Литмир - Электронная Библиотека
Содержание  
A
A

Но в конце восьмидесятых годов все это для нас, студентов, выглядело совершенно иначе. Социализм был прекрасной новорожденной надеждой. Как было нам догадаться, что он, едва родившись, начнет клониться к упадку, станет самонадеянным и самодовольным и под конец превратится в агрессивную и назойливую, при всей своей недоразвитости, доктрину? Повязав красные галстуки как знак вызова и единственное украшение наших поношенных, с обтрепанными рукавами костюмов, мы проделывали долгий путь по освещенным газовыми фонарями зимним лондонским улицам, а потом — в ртутной ядовитости метро, чтобы послушать и покритиковать Уильяма Морриса, Уэббов, Бернарда Шоу, Хьюберта Бланда{116}, Грэма Уолласа, всех остальных, открывавших перед нами двери в тысячелетнее царство, посмеяться над ними и поверить чуть ли не каждому их слову.

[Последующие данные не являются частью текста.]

lemma lattice_basis_GL3Z:
  assumes B: "lattice_basis u v w"
  obtains M where "M \<in> GL3Z" "M *v u = vector [1, 0, 0]" "M *v v = vector [0, 1, 0]"
    "M *v w = vector [0, 0, 1]"
proof -
  have D: "det3 u v w \<noteq> 0"
    using B by (simp add: lattice_basis_def)
  define M where "M = matrix (det3_coords u v w)"
  have Mv: "M *v p = det3_coords u v w p" for p
    by (simp add: M_def matrix_works linear_det3_coords)
  have M_Ints: "M $ i $ j \<in> \<int>" for i j
    using lattice_basis_det3_coords[OF B lattice_pt_axis[of j]]
    by (simp add: M_def matrix_def lattice_pt_def)
  define A :: "real^3^3" where "A = transpose (vector [u, v, w])"
  have A_Ints: "A $ i $ j \<in> \<int>" for i j
    using B exhaust_3[of j] by (auto simp: A_def transpose_def lattice_basis_def lattice_pt_def)
  have "(M ** A) *v x = mat 1 *v x" for x
  proof -
    have "A *v x = x$1 *\<^sub>R u + x$2 *\<^sub>R v + x$3 *\<^sub>R w"
      by (simp add: A_def transpose_def matrix_vector_mult_def sum_3 vec_eq_iff algebra_simps)
    then have "M *v (A *v x) = vector [x$1, x$2, x$3]"
      by (simp add: Mv det3_coords_comb[OF D])
    then show ?thesis
      by (simp add: matrix_vector_mul_assoc[symmetric] vec_eq_iff forall_3)
  qed
  then have "det M * det A = 1"
    by (metis matrix_eq det_I det_mul)
  moreover have "det M \<in> \<int>" "det A \<in> \<int>"
    by (simp_all add: Ints_det M_Ints A_Ints)
  ultimately have "\<bar>det M\<bar> = 1"
    by (metis Ints_mult_eq_1_abs)
  then have "M \<in> GL3Z"
    using M_Ints by (simp add: GL3Z_def)
  moreover have "M *v u = vector [1, 0, 0]" "M *v v = vector [0, 1, 0]" "M *v w = vector [0, 0, 1]"
    using det3_coords_comb[OF D, of 1 0 0] det3_coords_comb[OF D, of 0 1 0]
      det3_coords_comb[OF D, of 0 0 1]
    by (simp_all add: Mv)
  ultimately show thesis
    using that by blast
qed

lemma convex_comb4_mem:
  fixes C :: "'a::real_vector set"
  assumes "convex C" "a \<in> C" "b \<in> C" "c \<in> C" "d \<in> C"
    and "0 \<le> p" "0 \<le> q" "0 \<le> r" "0 \<le> s" "p + q + r + s = 1"
  shows "p *\<^sub>R a + q *\<^sub>R b + r *\<^sub>R c + s *\<^sub>R d \<in> C"
proof -
  let ?wt = "\<lambda>i::nat. if i = 0 then p else if i = 1 then q else if i = 2 then r else s"
  let ?pt = "\<lambda>i::nat. if i = 0 then a else if i = 1 then b else if i = 2 then c else d"
  have "(\<Sum>i\<in>{0, 1, 2, 3}. ?wt i *\<^sub>R ?pt i) \<in> C"
    by (rule convex_sum) (use assms in auto)
  then show ?thesis
    by (simp add: algebra_simps)
qed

Сегодняшние студенты знают, что осилить дорогу к социализму труднее, чем нам казалось. На каждого из нас, в сравнении с прежними днями, сейчас приходится по дюжине юношей с острым умом, более усердных и настойчивых. У людей, устремленных в будущее, нет сегодня таких блестящих, ярких и поражающих воображение учителей, какие были у нас. У них нет Шоу, Уильяма Морриса, целого созвездия художников, поэтов, ораторов, способных собрать зажигательные митинги, но это только потому, что социалистическое движение сейчас стало шире и самонадеяннее. Революционные устремления XIX века были детской игрой в сравнении с революционностью, требуемой в наши дни. Сейчас по-прежнему время великих перемен, но они совершатся должным образом лишь в том случае, если их будут направлять адекватно организованные силы. Лишь оглядываясь на то, о чем мы мечтали и что знали в Южном Кенсингтоне полстолетия назад, я могу оценить, насколько возросла во всем мире способность думать о будущем.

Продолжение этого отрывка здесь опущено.